Rob Edwards crowed “we can do this” after seeing Cauley Woodrow bag a last, late smash-and-grab equaliser at Crystal Palace to reignite Luton’s Premier League survival bid.
The super sub’s header in the sixth minute of added time was his first top-flight goal for a decade – both against the Eagles – but it came when Town should’ve been dead and buried.
It was Town’s 15th goal in the last quarter of matches this season, which only Liverpool, Arsenal and Tottenham have betted this term.
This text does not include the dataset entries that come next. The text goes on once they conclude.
lemma supp_fun_rank_one_eq_0:
  fixes T :: "'a::real_normed_vector \<Rightarrow>\<^sub>L 'b::real_normed_vector"
  assumes refl: "reflexive_space TYPE('a)" and fin: "\<exists>B::'b set. finite B \<and> span B = UNIV"
    and "norm T = 1" "finite X"
    and ext: "norm_attaining_set T \<inter> {e. e extreme_point_of cball 0 1} \<subseteq> span X"
    and f: "f \<in> supp_fun T" and g: "\<And>v. v \<in> span X \<Longrightarrow> blinfun_apply g v = 0"
  shows "blinfun_apply f (rank_one g y) = 0"
proof -
  obtain N where N: "continuous_map pointwise_topology euclideanreal N"
    "\<And>x. N (evals x) = norm (blinfun_apply T x)"
    by (rule weakly_continuous_norm_apply[OF fin, where T=T]) auto
  have not_pos: "\<not> blinfun_apply f (rank_one g z) > 0" for z
  proof
    assume "blinfun_apply f (rank_one g z) > 0"
    then obtain \<delta> where "\<delta> > 0" and near: "\<forall>\<epsilon>>0.
        \<exists>x. norm x \<le> 1 \<and> 1 - \<epsilon> \<le> norm (blinfun_apply T x) \<and> \<delta> \<le> \<bar>blinfun_apply g x\<bar>"
      by (rule supp_fun_rank_one_pos_near_norming[OF assms(3) f])
    obtain x where "x \<in> norm_attaining_set T" "\<delta> \<le> \<bar>blinfun_apply g x\<bar>"
      by (rule norm_attaining_point_from_near_norming[OF refl assms(3) N near])
    moreover have "x \<in> span X"
      using norm_attaining_set_subset_span[OF refl assms(3,4) ext] calculation(1) by blast
    ultimately show False
      using g \<open>\<delta> > 0\<close> by fastforce
  qed
  have "blinfun_apply f (rank_one g (- y)) = - blinfun_apply f (rank_one g y)"
    by (simp add: rank_one_uminus_right blinfun.minus_right)
  then show ?thesis
    using not_pos[of y] not_pos[of "- y"] by linarith
qed

lemma blinfun_eq_sum_rank_one:
  fixes S :: "'a::real_normed_vector \<Rightarrow>\<^sub>L 'b::real_normed_vector"
  assumes "finite E" "biorthogonal E c" "span E = UNIV"
  shows "S = (\<Sum>v\<in>E. rank_one (c v o\<^sub>L S) v)"
proof (rule blinfun_eqI)
  fix z
  have "blinfun_apply S z = (\<Sum>v\<in>E. blinfun_apply (c v) (blinfun_apply S z) *\<^sub>R v)"
    by (rule biorthogonal_expansion[OF assms(1,2)]) (simp add: assms(3))
  then show "blinfun_apply S z = blinfun_apply (\<Sum>v\<in>E. rank_one (c v o\<^sub>L S) v) z"
    by (simp add: blinfun.sum_left)
qed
Palace, on the other hand, have conceded the most late goals (21), so perhaps there was a statistical air of inevitability, but given the Hatters ever-growing injury crisis – with Teden Mengi and Gabriel Osho added to it in this game, while Ross Barkley played on with a broken nose – it was a remarkable result.
Boss Edwards said: “I keep saying it, other teams that are in that mix, they don’t want to be there. They think they shouldn’t be there.
“We understand it at the moment. We knew this was going to be a big, big challenge, coming into it. We’re all in it together and we know what fight we’re in.
“But we can do it, and that’s what I’ve said to the lads in there (dressing room), ‘we can do this, together’.
“That, with everything else going on, players missing, people playing out of position, and young kids coming on as well, we’re finding a way at the end, in the 95+ minute.
“That’s why we’ll be in this fight, and we’ll keep going all the way.”
That they’re providing a fight at the moment is in itself a Goliath effort, as they now potentially only have one recognised fit centre half, in Reece Burke.
So, it was understandable that, on the back of four straight defeats in the league, Luton’s threadbare options looked fatigued.
It left them so impotent in attack that a Carlton Morris volley in the 81st minute was their first shot on target. Their second would be the leveller.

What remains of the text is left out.